Procédure devant la cour :
Par une requête enregistrée le 15 février 2022, la commune de Munwiller, représentée par Me Sonnenmoser, demande à la cour :
1°) d'annuler ce jugement du tribunal administratif de Strasbourg du 16 décembre 2021 ;
2°) d'annuler la délibération du 23 décembre 2019 par laquelle le conseil communautaire de la communauté de communes du Centre Haut-Rhin a approuvé le plan local d'urbanisme intercommunal en tant qu'elle crée un secteur Ab sur son territoire, ensemble la décision portant rejet de son recours gracieux formé le 19 février 2020 ;
3°) de mettre à la charge de la communauté de communes du Centre Haut-Rhin une somme de 3 000 euros sur le fondement de l'article L 761-1 du code de justice administrative.
Elle soutient que :
- la délibération du 23 décembre 2019 en tant qu'elle crée une zone Ab méconnaît l'alinéa 4 de l'article L. 123-10 du code de l'urbanisme dès lors que la création de la zone Ab sur son territoire ne procède en réalité pas de l'enquête publique mais fait suite à une demande d'un habitant de la commune, malgré l'opposition de la commune et de ses habitants à ce changement ;
- la délibération du 23 décembre 2019 en tant qu'elle crée une zone Ab est entachée de détournement de pouvoir dès lors que la création de la zone Ab à l'issue de l'enquête publique permet à la communauté de communes du Centre Haut-Rhin non seulement de s'affranchir de l'organisation d'une nouvelle enquête publique mais également d'éviter que ne soient formulées des observations hostiles à cette création ;
- la modification du projet de plan local d'urbanisme intercommunal après enquête publique a porté atteinte à l'économie générale du projet et devait ainsi être à nouveau soumise à enquête publique ;
- le conseil communautaire de la communauté de communes du Centre Haut-Rhin a commis une erreur manifeste en créant une zone classée Ab sur le territoire de la commune dès lors qu'un projet d'implantation d'un poulailler industriel est de nature à causer des nuisances olfactives et sonores et de porter atteinte au cadre de vie des habitants ;
- la délibération du 23 décembre 2019 en tant qu'elle crée une zone Ab est entachée d'un détournement de pouvoir dès lors qu'elle a été décidée pour permettre la construction à Munwiller d'un poulailler industriel.

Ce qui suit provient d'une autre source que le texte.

(* Let $G$ be a threshold graph with binary string $b=0^{s_1}1^{t_1}\cdots0^{s_k}1^{t_k}$ (all $s_i,t_i\geq1$), and for each $i\in\{1,\ldots,k\}$ let $\sigma_i=\sum_{j=1}^i s_j$ and $\tau_i=\sum_{j=i}^k t_j$. Then \[ \max_{1\leq i\leq k}\left\{\frac{(\tau_i-1)+\sqrt{(\tau_i-1)^2+4\tau_i\sigma_i}}{2}\right\}\leq\lambda_{\max}(G) \] and \[ \lambda_{\min}(G)\leq\min_{1\leq i\leq k}\left\{\frac{(\tau_i-1)-\sqrt{(\tau_i-1)^2+4\tau_i\sigma_i}}{2}\right\}. \]
   Context: $\lambda_{\max}(G)$ and $\lambda_{\min}(G)$ denote the largest and smallest eigenvalues of the $(0,1)$-adjacency matrix of $G$. Threshold graphs from binary strings: given $b=b_1\cdots b_n\in\{0,1\}^n$ with $b_1=0$, start with a single vertex and for $j=2,\ldots,n$ add a new vertex adjacent to all previous vertices if $b_j=1$ and isolated if $b_j=0$; the result is $G(b)$, and $b$ is its binary string. $0^s$ (resp. $1^t$) denotes $s$ consecutive zeros (resp. $t$ consecutive ones). *)

theory Defs
  imports Complex_Main "Jordan_Normal_Form.Char_Poly"
begin

text \<open>Threshold graph G(b) from a binary string b (False = 0, True = 1), vertices 0..n-1
  in order of addition: vertex j is adjacent to every earlier vertex i < j iff b_j = 1.
  Hence distinct vertices i, j are adjacent iff b at position max i j is 1.\<close>
definition threshold_adj :: "bool list \<Rightarrow> real mat" where
  "threshold_adj b = mat (length b) (length b)
     (\<lambda>(i, j). if i \<noteq> j \<and> b ! (max i j) then 1 else 0)"

definition block_string :: "nat list \<Rightarrow> nat list \<Rightarrow> bool list" where
  "block_string ss ts = concat (map (\<lambda>(s, t). replicate s False @ replicate t True) (zip ss ts))"

definition lambda_max :: "real mat \<Rightarrow> real" where
  "lambda_max A = Max {x. eigenvalue A x}"

definition lambda_min :: "real mat \<Rightarrow> real" where
  "lambda_min A = Min {x. eigenvalue A x}"

end

theory Submission
  imports Defs "HOL-Analysis.Function_Topology" "Jordan_Normal_Form.Spectral_Radius"
begin

(* Fix i. The vertices of the first i zero-blocks (sigma_i of them) are pairwise non-adjacent,
   the vertices of the one-blocks i, ..., k (tau_i of them) form a clique, and every vertex of
   the first kind is adjacent to every vertex of the second kind. On the vector that is tau_i on
   the first set, theta on the second and 0 elsewhere, the adjacency quadratic form equals theta
   times the squared norm as soon as theta^2 - (tau_i - 1) theta - tau_i sigma_i = 0, i.e. for
   both displayed roots. The Rayleigh bounds lambda_min |x|^2 <= x^T A x <= lambda_max |x|^2 for
   the symmetric adjacency matrix A then give both inequalities. The Rayleigh bounds are proved
   by maximising x^T A x on the unit sphere: the first-order condition at a maximiser says that
   it is an eigenvector. *)

section \<open>Rayleigh bounds for real symmetric matrices\<close>

(* Vectors are functions nat => real of which only the first n coordinates matter, so that the
   product topology on nat => real provides compactness of the unit sphere. *)
definition quad_form :: "real mat \<Rightarrow> (nat \<Rightarrow> real) \<Rightarrow> real" where
  "quad_form A x = (\<Sum>i<dim_row A. \<Sum>j<dim_row A. A $$ (i, j) * x i * x j)"

definition sum_squares :: "nat \<Rightarrow> (nat \<Rightarrow> real) \<Rightarrow> real" where
  "sum_squares n x = (\<Sum>i<n. (x i)\<^sup>2)"

lemma sum_squares_nonneg: "0 \<le> sum_squares n x"
  unfolding sum_squares_def by (simp add: sum_nonneg)

lemma quad_form_scale: "quad_form A (\<lambda>i. c * x i) = c\<^sup>2 * quad_form A x"
  unfolding quad_form_def by (simp add: sum_distrib_left power2_eq_square algebra_simps)

lemma sum_squares_scale: "sum_squares n (\<lambda>i. c * x i) = c\<^sup>2 * sum_squares n x"
  unfolding sum_squares_def by (simp add: sum_distrib_left power_mult_distrib)

lemma continuous_on_coordinate [continuous_intros]: "continuous_on S (\<lambda>x::nat \<Rightarrow> real. x i)"
  by (rule continuous_on_subset[OF continuous_on_product_coordinates]) auto

lemma compact_unit_sphere_fun:
  "compact {x::nat \<Rightarrow> real. (\<forall>i\<ge>n. x i = 0) \<and> sum_squares n x = 1}"
proof -
  define K :: "(nat \<Rightarrow> real) set"
    where "K = Pi\<^sub>E UNIV (\<lambda>i. if i < n then {-1..1} else {0})"
  have "compactin (product_topology (\<lambda>_. euclidean) UNIV) K"
    unfolding K_def compactin_PiE by (auto simp: compact_Icc)
  then have "compact K"
    by (simp add: euclidean_product_topology)
  moreover have "closed {x::nat \<Rightarrow> real. \<forall>i\<ge>n. x i = 0}"
  proof -
    have "{x::nat \<Rightarrow> real. \<forall>i\<ge>n. x i = 0} = (\<Inter>i\<in>{n..}. {x. x i = 0})"
      by auto
    then show ?thesis
      by (simp add: closed_INT closed_Collect_eq continuous_on_coordinate)
  qed
  moreover have "closed {x::nat \<Rightarrow> real. sum_squares n x = 1}"
    unfolding sum_squares_def by (intro closed_Collect_eq continuous_intros)
  moreover have "{x. (\<forall>i\<ge>n. x i = 0) \<and> sum_squares n x = 1} \<subseteq> K"
  proof
    fix x :: "nat \<Rightarrow> real"
    assume x: "x \<in> {x. (\<forall>i\<ge>n. x i = 0) \<and> sum_squares n x = 1}"
    have "\<bar>x i\<bar> \<le> 1" if "i < n" for i
    proof -
      have "(x i)\<^sup>2 \<le> sum_squares n x"
        unfolding sum_squares_def by (rule member_le_sum) (use that in auto)
      with x show ?thesis
        by (simp add: abs_square_le_1)
    qed
    with x show "x \<in> K"
      unfolding K_def by (auto simp: PiE_def extensional_def abs_le_iff)
  qed
  ultimately have "compact (K \<inter> ({x. \<forall>i\<ge>n. x i = 0} \<inter> {x. sum_squares n x = 1}))"
    by (intro compact_Int_closed closed_Int)
  also have "K \<inter> ({x. \<forall>i\<ge>n. x i = 0} \<inter> {x. sum_squares n x = 1})
      = {x. (\<forall>i\<ge>n. x i = 0) \<and> sum_squares n x = 1}"
    using \<open>{x. (\<forall>i\<ge>n. x i = 0) \<and> sum_squares n x = 1} \<subseteq> K\<close> by auto
  finally show ?thesis .
qed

Par un mémoire en défense, enregistré le 25 avril 2022, la communauté de communes du Centre Haut-Rhin conclut au rejet de la requête et à ce qu'une somme de 3 000 euros soit mise à la charge de la commune de Munwiller sur le fondement de l'article L. 761-1 du code de justice administrative.
Elle fait valoir que les moyens soulevés par la commune de Munwiller ne sont pas fondés.
Un mémoire complémentaire présenté le 17 janvier 2024 pour la commune de Munwiller a été reçu et non communiqué.
Vu les autres pièces du dossier.
Vu :
- le code de l'urbanisme ;
- le code de justice administrative.
Les parties ont été régulièrement averties du jour de l'audience.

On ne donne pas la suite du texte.